Oui, avec des raw sends (par ex. zfs send -w). Mais vous devez alors garantir que le site de backup a un moyen indépendant et testé de déverrouiller—ou accepter qu’il reste verrouillé et utiliser d’autres méthodes de vérification.

7) Pourquoi mon système a démarré mais les services ont échoué, alors que le pool s’est importé correctement ?

Fréquemment : le pool s’est importé, mais les clés n’ont pas été chargées, donc les datasets chiffrés ne se sont pas montés. Vérifiez zfs list -o name,keystatus,mounted et les logs système pour des échecs zfs-load-key.

8) Est-il sûr de stocker des fichiers de clé sur le disque OS ?

Ça dépend de votre modèle de menace. C’est pratique opérationnellement et protège contre le vol des disques de données, mais cela ne protège pas contre un attaquant ayant root sur l’hôte. Si vous avez besoin de garanties plus fortes, utilisez une récupération hors-hôte et des contrôles d’accès plus stricts.
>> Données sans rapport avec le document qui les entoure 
text \<open>A nonempty face G of a full-dimensional polytope P is still a face of
  conv(P \<union> {v}) exactly when v lies strictly beneath some facet F \<supseteq> G of P. If so,
  subtracting a large multiple of the inequality of F from an inequality exposing G
  yields an inequality valid on P that still exposes G and holds strictly at v, so it
  exposes G in conv(P \<union> {v}). If not, take g in the relative interior of G: every facet
  inequality tight at g is tight at or violated by v, so points slightly beyond g on the
  ray from v through g lie in P, and g is interior to a segment of conv(P \<union> {v}) ending
  at v \<notin> G. By definition of VS, v lies strictly beneath exactly the facets outside
  \<F> \<union> \<N> \<union> {S}; here full-dimensionality makes the orientation of each facet
  hyperplane unique.\<close>

lemma hyperplane_eq_imp_scaled:
  fixes a a' :: "'a::euclidean_space"
  assumes "a \<noteq> 0" and eq: "{x. a \<bullet> x = b} = {x. a' \<bullet> x = b'}"
  obtains k where "a' = k *\<^sub>R a" "b' = k * b"
proof -
  define k where "k = (a' \<bullet> a) / (a \<bullet> a)"
  define x0 where "x0 = (b / (a \<bullet> a)) *\<^sub>R a"
  define u where "u = a' - k *\<^sub>R a"
  have x0: "a \<bullet> x0 = b" and au: "a \<bullet> u = 0"
    using assms(1) by (simp_all add: x0_def u_def k_def inner_diff_right inner_commute)
  have "a \<bullet> (x0 + u) = b"
    using x0 au by (simp add: inner_add_right)
  then have "a' \<bullet> x0 = b'" "a' \<bullet> (x0 + u) = b'"
    using eq x0 by blast+
  then have "u \<bullet> u = 0"
    using au by (simp add: u_def inner_add_right inner_diff_left inner_commute)
  then have "a' = k *\<^sub>R a"
    by (simp add: u_def)
  moreover have "b' = k * b"
    using \<open>a' \<bullet> x0 = b'\<close> x0 calculation by simp
  ultimately show thesis
    using that by blast
qed

lemma hplus_Int_hminus_eq_empty:
  fixes P :: "'a::euclidean_space set"
  assumes "aff_dim P = DIM('a)"
  shows "hplus P F \<inter> hminus P F = {}"
proof (intro equals0I)
  fix v assume "v \<in> hplus P F \<inter> hminus P F"
  then obtain a l a' l' where
      a: "a \<noteq> 0" "affine hull F = {y. a \<bullet> y = l}" "P \<subseteq> {y. a \<bullet> y \<ge> l}" "a \<bullet> v > l"
    and a': "affine hull F = {y. a' \<bullet> y = l'}" "P \<subseteq> {y. a' \<bullet> y \<ge> l'}" "a' \<bullet> v < l'"
    unfolding hplus_def hminus_def by blast
  obtain k where k: "a' = k *\<^sub>R a" "l' = k * l"
    using hyperplane_eq_imp_scaled[OF a(1)] a(2) a'(1) by metis
  have "k < 0"
  proof (rule ccontr)
    assume "\<not> k < 0"
    then have "k * l \<le> k * (a \<bullet> v)"
      using a(4) by (simp add: mult_left_mono)
    then show False
      using a'(3) k by simp
  qed
  have "a \<bullet> y = l" if "y \<in> P" for y
    using that a(3) a'(2) k \<open>k < 0\<close> by (force simp: mult_le_cancel_left)
  then have "P \<subseteq> {y. a \<bullet> y = l}"
    by blast
  then have "aff_dim P \<le> aff_dim {y. a \<bullet> y = l}"
    by (rule aff_dim_subset)
  then show False
    using assms a(1) by simp
qed

lemma convex_hull_insert_Int_hyperplane:
  assumes "convex P" "P \<subseteq> {x. c \<bullet> x \<le> d}" "c \<bullet> v < d"
  shows "convex hull (insert v P) \<inter> {x. c \<bullet> x = d} = P \<inter> {x. c \<bullet> x = d}"
proof
  show "P \<inter> {x. c \<bullet> x = d} \<subseteq> convex hull (insert v P) \<inter> {x. c \<bullet> x = d}"
    by (auto intro: hull_inc)
  show "convex hull (insert v P) \<inter> {x. c \<bullet> x = d} \<subseteq> P \<inter> {x. c \<bullet> x = d}"
  proof (cases "P = {}")
    case False
    have "(1 - u) *\<^sub>R v + u *\<^sub>R y \<in> P"
      if "0 \<le> u" "u \<le> 1" "y \<in> P" "c \<bullet> ((1 - u) *\<^sub>R v + u *\<^sub>R y) = d" for u y
    proof -
      have "(1 - u) * (c \<bullet> v) + u * (c \<bullet> y) = d"
        using that(4) by (simp add: inner_add_right)
      moreover have "u * (c \<bullet> y) \<le> u * d"
        using assms(2) that by (auto intro: mult_left_mono)
      ultimately have "(1 - u) * (d - c \<bullet> v) \<le> 0"
        by (simp add: algebra_simps)
      then have "u = 1"
        using assms(3) that(2) by (simp add: mult_le_0_iff)
      then show ?thesis
        using that by simp
    qed
    moreover have "convex hull P = P"
      using assms(1) by (rule convex_hull_eq[THEN iffD2])
    ultimately show ?thesis
      using False by (auto simp: convex_hull_insert_alt)
  qed (use assms(3) in auto)
qed

lemma tilt_exposing_hyperplane:
  fixes a a0 v :: "'a::real_inner"
  assumes "P \<subseteq> {x. a0 \<bullet> x \<le> l0}" "G = P \<inter> {x. a0 \<bullet> x = l0}"
    and "P \<subseteq> {x. a \<bullet> x \<ge> l}" "G \<subseteq> {x. a \<bullet> x = l}" "a \<bullet> v > l"
  obtains c d where "P \<subseteq> {x. c \<bullet> x \<le> d}" "c \<bullet> v < d" "G = P \<inter> {x. c \<bullet> x = d}"
proof -
  define t where "t = max 0 ((a0 \<bullet> v - l0) / (a \<bullet> v - l)) + 1"
  have "t > 0"
    by (simp add: t_def)
  have "(a0 \<bullet> v - l0) / (a \<bullet> v - l) < t"
    by (simp add: t_def)
  then have tv: "a0 \<bullet> v - l0 < t * (a \<bullet> v - l)"
    using assms(5) by (simp add: divide_less_eq)
  define c where "c = a0 - t *\<^sub>R a"
  define d where "d = l0 - t * l"
  have c_eq: "c \<bullet> x - d = (a0 \<bullet> x - l0) - t * (a \<bullet> x - l)" for x
    by (simp add: c_def d_def inner_diff_left algebra_simps)
  have sign: "a0 \<bullet> x - l0 \<le> 0" "0 \<le> t * (a \<bullet> x - l)" if "x \<in> P" for x
    using that assms(1,3) \<open>t > 0\<close> by auto
  have "c \<bullet> x \<le> d" if "x \<in> P" for x
    using sign[OF that] c_eq[of x] by simp
  then have "P \<subseteq> {x. c \<bullet> x \<le> d}"
    by blast
  moreover have "c \<bullet> v < d"
    using tv c_eq[of v] by simp
  moreover have "G = P \<inter> {x. c \<bullet> x = d}"
  proof
    show "P \<inter> {x. c \<bullet> x = d} \<subseteq> G"
    proof
      fix x assume "x \<in> P \<inter> {x. c \<bullet> x = d}"
      then have "x \<in> P" "c \<bullet> x = d"
        by auto
      then have "a0 \<bullet> x = l0"
        using sign[of x] c_eq[of x] by linarith
      then show "x \<in> G"
        using \<open>x \<in> P\<close> assms(2) by simp
    qed
    show "G \<subseteq> P \<inter> {x. c \<bullet> x = d}"
    proof
      fix x assume "x \<in> G"
      then have "x \<in> P" "a0 \<bullet> x = l0" "a \<bullet> x = l"
        using assms(2,4) by auto
      then show "x \<in> P \<inter> {x. c \<bullet> x = d}"
        using c_eq[of x] by simp
    qed
  qed
  ultimately show thesis
    using that by blast
qed

lemma face_of_convex_hull_insert_if_hplus:
  fixes P :: "'a::euclidean_space set"
  assumes "polyhedron P" "G face_of P" "F facet_of P" "G \<subseteq> F" "v \<in> hplus P F"
  shows "G face_of convex hull (insert v P)"
proof -
  obtain a l where a: "affine hull F = {y. a \<bullet> y = l}" "P \<subseteq> {y. a \<bullet> y \<ge> l}" "a \<bullet> v > l"
    using assms(5) unfolding hplus_def by blast
  have "G \<subseteq> affine hull F"
    using assms(4) hull_subset by (rule subset_trans)
  then have "G \<subseteq> {x. a \<bullet> x = l}"
    by (simp only: a(1))
  have "G exposed_face_of P"
    using assms(1,2) exposed_face_of_polyhedron by blast
  then obtain a0 l0 where "P \<subseteq> {x. a0 \<bullet> x \<le> l0}" "G = P \<inter> {x. a0 \<bullet> x = l0}"
    unfolding exposed_face_of_def by blast
  then obtain c d where cd: "P \<subseteq> {x. c \<bullet> x \<le> d}" "c \<bullet> v < d" "G = P \<inter> {x. c \<bullet> x = d}"
    using a(2) \<open>G \<subseteq> {x. a \<bullet> x = l}\<close> a(3) by (rule tilt_exposing_hyperplane)
  have "G = convex hull (insert v P) \<inter> {x. c \<bullet> x = d}"
    using convex_hull_insert_Int_hyperplane[OF polyhedron_imp_convex[OF assms(1)] cd(1,2)] cd(3)
    by simp
  moreover have "convex hull (insert v P) \<subseteq> {x. c \<bullet> x \<le> d}"
    by (rule hull_minimal) (use cd(1,2) in \<open>auto simp: convex_halfspace_le\<close>)
  ultimately show ?thesis
    using face_of_Int_supporting_hyperplane_le by fastforce
qed
(* Let $G$ be a nontrivial finite abelian $p$-group of rank $n$ with $n\le p-1$. Then $\tau(G)=n+1$.
   Context: The rank is the minimal number of generators. A projective representation of $G$ is an $\alpha$-representation for some cocycle $\alpha\in Z^2(G,\mathbb{C}^\times)$: a map $\rho:G\to\mathrm{GL}_m(\mathbb{C})$ with $\rho(1)=I$ and $\rho(g)\rho(h)=\alpha(g,h)\rho(gh)$; it is faithful if the only $g$ with $\rho(g)$ scalar is $g=1$. $\tau(G)$ is the least degree of a faithful projective representation of $G$. *)

theory Defs
  imports "Jordan_Normal_Form.Matrix" "HOL-Algebra.Generated_Groups"
begin

definition group_rank :: "('a, 'b) monoid_scheme \<Rightarrow> nat" where
  "group_rank G = (LEAST n. \<exists>S. S \<subseteq> carrier G \<and> finite S \<and> card S = n
                              \<and> generate G S = carrier G)"

definition cocycle2 :: "('a, 'b) monoid_scheme \<Rightarrow> ('a \<Rightarrow> 'a \<Rightarrow> complex) \<Rightarrow> bool" where
  "cocycle2 G \<alpha> \<longleftrightarrow>
     (\<forall>g\<in>carrier G. \<forall>h\<in>carrier G. \<alpha> g h \<noteq> 0) \<and>
     (\<forall>g\<in>carrier G. \<forall>h\<in>carrier G. \<forall>k\<in>carrier G.
        \<alpha> g h * \<alpha> (g \<otimes>\<^bsub>G\<^esub> h) k = \<alpha> h k * \<alpha> g (h \<otimes>\<^bsub>G\<^esub> k))"
text \<open>The normalized average of \<open>C\<^sup>1\<close> functions with locally finite, nonnegative \<open>C\<^sup>1\<close> weights that
  never vanish simultaneously is \<open>C\<^sup>1\<close>: locally it is a quotient of finite sums.\<close>

lemma C1_locally_finite_average:
  fixes w T :: "nat \<Rightarrow> 'a::real_normed_vector \<Rightarrow> real"
  assumes w: "\<And>n. C1_smooth (w n)" and T: "\<And>n. C1_smooth (T n)"
    and w0: "\<And>n x. 0 \<le> w n x" and pos: "\<And>x. \<exists>k. 0 < w k x"
    and loc: "\<And>x. \<exists>U m. open U \<and> x \<in> U \<and> (\<forall>z\<in>U. \<forall>n\<ge>m. w n z = 0)"
  shows "C1_smooth (\<lambda>x. (\<Sum>n. w n x * T n x) / (\<Sum>n. w n x))"
proof (rule C1_from_local)
  obtain Dw where Dw: "\<And>n. C1_on UNIV (w n) (Dw n)"
    using w unfolding C1_smooth_def C1_with_deriv_iff by metis
  obtain DT where DT: "\<And>n. C1_on UNIV (T n) (DT n)"
    using T unfolding C1_smooth_def C1_with_deriv_iff by metis
  fix x
  from loc[of x] obtain U m where U: "open U" "x \<in> U" and fin: "\<forall>z\<in>U. \<forall>n\<ge>m. w n z = 0"
    by blast
  have m: "\<And>n. m \<le> n \<Longrightarrow> w n z = 0" if "z \<in> U" for z using fin that by blast
  let ?g = "\<lambda>z. (\<Sum>n<m. w n z * T n z) / (\<Sum>n<m. w n z)"
  have num: "C1_on U (\<lambda>z. \<Sum>n<m. w n z * T n z) (\<lambda>z. \<Sum>n<m. w n z *\<^sub>R DT n z + T n z *\<^sub>R Dw n z)"
    by (rule C1_on_sum, simp, rule C1_on_subset[OF C1_on_mult[OF Dw DT]], simp)
  have den: "C1_on U (\<lambda>z. \<Sum>n<m. w n z) (\<lambda>z. \<Sum>n<m. Dw n z)"
    by (rule C1_on_sum, simp, rule C1_on_subset[OF Dw], simp)
  have nz: "(\<Sum>n<m. w n z) \<noteq> 0" if "z \<in> U" for z
  proof -
    obtain k where "0 < w k z" using pos by blast
    from sum_pos_finite_support[of "\<lambda>n. w n z" m k, OF w0 m[OF that] this] show ?thesis by simp
  qed
  obtain Dg where Dg: "C1_on U ?g Dg" using C1_on_divide[OF num den nz] by blast
  have eq: "(\<Sum>n. w n z * T n z) / (\<Sum>n. w n z) = ?g z" if "z \<in> U" for z
  proof -
    have "(\<Sum>n. w n z * T n z) = (\<Sum>n<m. w n z * T n z)" "(\<Sum>n. w n z) = (\<Sum>n<m. w n z)"
      by (rule suminf_finite_support, simp add: m[OF that])+
    then show ?thesis by simp
  qed
  show "\<exists>U g Dg. open U \<and> x \<in> U \<and> (\<forall>z\<in>U. (\<Sum>n. w n z * T n z) / (\<Sum>n. w n z) = g z) \<and> C1_on U g Dg"
    by (intro exI[of _ U] exI[of _ ?g] exI[of _ Dg] conjI ballI) (use U eq Dg in auto)
qed

text \<open>With \<open>r\<close> the regularity radius of \<open>R\<close>
  for oscillation \<open>\<delta>/2\<close>, the weight \<open>w\<^sub>n\<close> lives where \<open>B(x, 2\<^sup>-\<^sup>n/8)\<close> is regular, so there \<open>R\<close> is
  \<open>\<delta>/2\<close>-close to a Lipschitz \<open>P\<^sub>n\<close>, hence \<open>\<delta>\<close>-close to a \<open>C\<^sup>1\<close> function \<open>T\<^sub>n\<close>; average the \<open>T\<^sub>n\<close>.\<close>

theorem C1_uniform_approximation:
  fixes R :: "'a::real_normed_vector \<Rightarrow> real"
  assumes approx: "C1_approximable TYPE('a)" and R: "continuous_on UNIV R" and \<delta>: "\<delta> > 0"
  shows "\<exists>T. C1_smooth T \<and> (\<forall>x. \<bar>R x - T x\<bar> \<le> \<delta>)"
proof -
  define r where "r = reg_radius R (\<delta>/2)"
  have r_pos: "0 < r x" for x unfolding r_def using reg_radius_pos[OF R] \<delta> by simp
  have r_le1: "r x \<le> 1" for x unfolding r_def by (rule reg_radius_le1)
  have r_lip: "lipschitz_on 1 UNIV r" unfolding r_def by (rule reg_radius_lipschitz)
  obtain w where w: "\<And>n. C1_smooth (w n)" "\<And>n x. 0 \<le> w n x"
      "\<And>n x. w n x \<noteq> 0 \<Longrightarrow> 1 / (8 * 2^n) < r x" "\<And>x. \<exists>k. 0 < w k x"
      and loc: "\<And>x. \<exists>m. \<forall>z\<in>ball x (r x / 2). \<forall>n\<ge>m. w n z = 0"
    using smooth_bumps[OF approx r_pos r_le1 r_lip] by blast
  have "\<exists>T. C1_smooth T \<and> (\<forall>x. regular_ball R (\<delta>/2) x (1 / (8 * 2^n)) \<longrightarrow> \<bar>T x - R x\<bar> < \<delta>)" for n
  proof -
    obtain P where P: "lipschitz P" "\<And>x. regular_ball R (\<delta>/2) x (1 / (8 * 2^n)) \<Longrightarrow> \<bar>P x - R x\<bar> \<le> \<delta>/2"
      using lipschitz_approx_on_regular_balls[of "1 / (8 * 2^n)" "\<delta>/2" R] \<delta> by auto
    obtain T where T: "C1_smooth T" "\<And>x. \<bar>P x - T x\<bar> < \<delta>/2"
      using C1_approximableD[OF approx P(1), of "\<delta>/2"] \<delta> by auto
    have "\<bar>T x - R x\<bar> < \<delta>" if "regular_ball R (\<delta>/2) x (1 / (8 * 2^n))" for x
      using P(2)[OF that] T(2)[of x] by linarith
    with T(1) show ?thesis by blast
  qed
  then obtain T where T: "\<And>n. C1_smooth (T n)"
    "\<And>n x. regular_ball R (\<delta>/2) x (1 / (8 * 2^n)) \<Longrightarrow> \<bar>T n x - R x\<bar> < \<delta>" by metis
  have close: "\<bar>T n x - R x\<bar> \<le> \<delta>" if "w n x \<noteq> 0" for n x
  proof -
    have "regular_ball R (\<delta>/2) x (1 / (8 * 2^n))"
      by (rule reg_radius_regular) (use w(3)[OF that] in \<open>auto simp: r_def\<close>)
    then show ?thesis using T(2) by (simp add: less_imp_le)
  qed
  have "C1_smooth (\<lambda>x. (\<Sum>n. w n x * T n x) / (\<Sum>n. w n x))"
  proof (rule C1_locally_finite_average[OF w(1) T(1) w(2) w(4)])
    show "\<exists>U m. open U \<and> x \<in> U \<and> (\<forall>z\<in>U. \<forall>n\<ge>m. w n z = 0)" for x
      using loc[of x] r_pos[of x] by (intro exI[of _ "ball x (r x / 2)"]) auto
  qed
  moreover have "\<bar>R x - (\<Sum>n. w n x * T n x) / (\<Sum>n. w n x)\<bar> \<le> \<delta>" for x
  proof -
    obtain m where "\<forall>n\<ge>m. w n x = 0" using loc[of x] r_pos[of x] by fastforce
    moreover obtain k where "0 < w k x" using w(4) by blast
    ultimately show ?thesis
      using weighted_average_close[of "\<lambda>n. w n x" m k "\<lambda>n. T n x" "R x" \<delta>] w(2) close
      by (simp add: abs_minus_commute)
  qed
  ultimately show ?thesis by blast
qed

lemma smooth_switch:
  fixes S K :: "'a::real_normed_vector \<Rightarrow> real"
  assumes S: "C1_on UNIV S DS" and K: "C1_on UNIV K DK" and a: "a > 0"
  defines "G \<equiv> \<lambda>x. K x + dead_zone a (S x - K x)"
    and "D \<equiv> \<lambda>x. DK x + dead_zone' a (S x - K x) *\<^sub>R (DS x - DK x)"
  shows "C1_with_deriv G D"
    and "\<And>x. \<bar>G x - S x\<bar> \<le> 4 * a"
    and "\<And>x. \<bar>S x - K x\<bar> \<le> a \<Longrightarrow> G x = K x \<and> D x = DK x"
    and "\<And>LS LK. lipschitz_on LS UNIV S \<Longrightarrow> lipschitz_on LK UNIV K \<Longrightarrow> lipschitz_on (2 * LK + LS) UNIV G"
proof -
  show "C1_with_deriv G D"
    unfolding C1_with_deriv_iff G_def D_def
    by (rule C1_on_add[OF K C1_on_compose[OF C1_on_diff[OF S K] dead_zone_deriv[OF a] dead_zone'_cont]])
  show "\<bar>G x - S x\<bar> \<le> 4 * a" for x
    using dead_zone_close[OF a, of "S x - K x"] by (simp add: G_def)
  show "G x = K x \<and> D x = DK x" if "\<bar>S x - K x\<bar> \<le> a" for x
    using dead_zone_vanishes[OF a that] dead_zone'_vanishes[OF a that] by (simp add: G_def D_def)
  fix LS LK assume LS: "lipschitz_on LS UNIV S" and LK: "lipschitz_on LK UNIV K"
  have "lipschitz_on (1 * (LS + LK)) UNIV (\<lambda>x. dead_zone a (S x - K x))"
    by (rule lipschitz_on_compose2[OF lipschitz_on_diff[OF LS LK]
          lipschitz_on_subset[OF dead_zone_lipschitz[OF a]]]) simp
  from lipschitz_on_add[OF LK this] show "lipschitz_on (2 * LK + LS) UNIV G"
    unfolding G_def by (simp add: algebra_simps)
qed

lemma smooth_lipschitz_approx_on_subset:
  fixes F :: "'a::banach \<Rightarrow> real"
  assumes star: "property_star TYPE('a) C0" and YF: "lipschitz_on L Y F" and eps: "\<epsilon> > 0"
  shows "\<exists>K DK. C1_on UNIV K DK \<and> lipschitz_on (C0 * Lip Y F) UNIV K \<and> (\<forall>y\<in>Y. \<bar>F y - K y\<bar> < \<epsilon>)"
proof -
  obtain H where H: "lipschitz_on (Lip Y F) UNIV H" "\<forall>y\<in>Y. H y = F y"
    using mcshane_extension[OF YF] by blast
  have "lipschitz H" using H(1) by (auto simp: lipschitz_def)
  then obtain K where K: "lipschitz K" "C1_smooth K" "\<forall>x. \<bar>H x - K x\<bar> < \<epsilon>" "Lip UNIV K \<le> C0 * Lip UNIV H"
    using star eps unfolding property_star_def by blast
  obtain DK where DK: "C1_on UNIV K DK" using K(2) unfolding C1_smooth_def C1_with_deriv_iff by blast
  have "lipschitz_on (Lip UNIV K) UNIV K" using K(1) Lip_attained unfolding lipschitz_def by blast
  moreover have "Lip UNIV H = Lip Y F"
  proof (rule antisym)
    show "Lip UNIV H \<le> Lip Y F" by (rule Lip_le[OF H(1)])
    have "Lip Y F = Lip Y H" using H(2) by (intro Lip_cong) simp
    also have "\<dots> \<le> Lip UNIV H" by (rule Lip_mono[OF H(1)]) simp
    finally show "Lip Y F \<le> Lip UNIV H" .
  qed
  then have "Lip UNIV K \<le> C0 * Lip Y F" using K(4) by simp
  ultimately have "lipschitz_on (C0 * Lip Y F) UNIV K" by (rule lipschitz_on_le)
  moreover have "\<bar>F y - K y\<bar> < \<epsilon>" if "y \<in> Y" for y using K(3)[rule_format, of y] H(2) that by simp
  ultimately show ?thesis using DK by blast
qed

lemma controlled_approximation:
  fixes F S :: "'a::banach \<Rightarrow> real"
  assumes star: "property_star TYPE('a) C0" and YF: "lipschitz_on L Y F" and eps: "\<epsilon> > 0"
    and S: "C1_on UNIV S DS" and FS: "\<And>x. \<bar>F x - S x\<bar> \<le> \<epsilon>/16"
  shows "\<exists>G D. C1_with_deriv G D \<and> (\<forall>x. \<bar>F x - G x\<bar> \<le> \<epsilon>) \<and> Lip Y G \<le> C0 * Lip Y F \<and>
     (\<forall>y\<in>Y. norm (D y) \<le> C0 * Lip Y F) \<and>
     (\<forall>LS. lipschitz_on LS UNIV S \<longrightarrow> lipschitz_on (2 * (C0 * Lip Y F) + LS) UNIV G)"
proof -
  obtain K DK where K: "C1_on UNIV K DK" and LK: "lipschitz_on (C0 * Lip Y F) UNIV K"
    and FK: "\<forall>y\<in>Y. \<bar>F y - K y\<bar> < \<epsilon>/16"
    using smooth_lipschitz_approx_on_subset[OF star YF, of "\<epsilon>/16"] eps by auto
  define a where "a = \<epsilon>/8"
  have a: "a > 0" using eps by (simp add: a_def)
  note switch = smooth_switch[OF S K a]
  define G where "G x = K x + dead_zone a (S x - K x)" for x
  define D where "D x = DK x + dead_zone' a (S x - K x) *\<^sub>R (DS x - DK x)" for x
  have onY: "G y = K y \<and> D y = DK y" if "y \<in> Y" for y
  proof -
    have "\<bar>F y - K y\<bar> < \<epsilon>/16" using FK that by blast
    then have "\<bar>S y - K y\<bar> \<le> a" using FS[of y] unfolding a_def abs_le_iff abs_less_iff by linarith
    then show ?thesis using switch(3) unfolding G_def D_def by blast
  qed
  have "\<bar>F x - G x\<bar> \<le> \<epsilon>" for x using FS[of x] switch(2)[of x] unfolding G_def a_def by linarith
  moreover have "Lip Y G \<le> C0 * Lip Y F"
    using Lip_cong[of Y G K] onY Lip_le[OF lipschitz_on_subset[OF LK]] by simp
  moreover have "norm (D y) \<le> C0 * Lip Y F" if "y \<in> Y" for y
  proof -
    have "(K has_derivative blinfun_apply (DK y)) (at y)" using K unfolding C1_on_def by blast
    then have "norm (DK y) \<le> C0 * Lip Y F" by (rule norm_derivative_le_lipschitz[OF LK])
    then show ?thesis using onY[OF that] by simp
  qed
  moreover have "lipschitz_on (2 * (C0 * Lip Y F) + LS) UNIV G" if "lipschitz_on LS UNIV S" for LS
    using switch(4)[OF that LK] unfolding G_def .
  ultimately show ?thesis using switch(1) unfolding G_def[symmetric] D_def[symmetric] by blast
qed

lemma approximation_lipschitz_on_subset:
  fixes F :: "'a::banach \<Rightarrow> real"
  assumes star: "property_star TYPE('a) C0" and F: "continuous_on UNIV F"
    and YF: "lipschitz_on L Y F" and eps: "\<epsilon> > 0"
  shows "\<exists>G D. C1_with_deriv G D \<and> (\<forall>x. \<bar>F x - G x\<bar> \<le> \<epsilon>) \<and> Lip Y G \<le> C0 * Lip Y F \<and>
     (\<forall>y\<in>Y. norm (D y) \<le> C0 * Lip Y F)"
proof -
  obtain S where "C1_smooth S" "\<forall>x. \<bar>F x - S x\<bar> \<le> \<epsilon>/16"
    using C1_uniform_approximation[OF property_star_C1_approximable[OF star] F, of "\<epsilon>/16"] eps by auto
  then obtain DS where "C1_on UNIV S DS" "\<And>x. \<bar>F x - S x\<bar> \<le> \<epsilon>/16"
    unfolding C1_smooth_def C1_with_deriv_iff by blast
  from controlled_approximation[OF star YF eps this] show ?thesis by blast
qed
9) Comment prouver aux auditeurs (et à moi-même) que la récupération fonctionne ?

En effectuant un drill import/unlock/mount sur un système propre, en n’utilisant que des procédures documentées et des secrets séquestrés. Enregistrez la sortie de zfs get et les étapes que vous avez suivies. Répétez selon un calendrier.

Conclusion : la routine l’emporte sur l’héroïsme

Le chiffrement ZFS est une bonne ingénierie. Mais le coup gagnant n’est pas de l’activer—c’est de l’opérationnaliser. Votre futur vous ne veut pas d’une configuration astucieuse ; il veut une configuration qui survive aux reboots, aux restaurations, aux changements d’équipe et au moment embarrassant où votre « système sécurisé » est inaccessible parce que la clé était stockée quelque part… sécurisé.

Si vous ne retenez qu’une habitude : exécutez le drill export/import + load-key avant d’en avoir besoin. Le jour du désastre se moque que le design ait été propre sur un diagramme. Il se contente de savoir si la personne de garde peut déverrouiller les données sans deviner.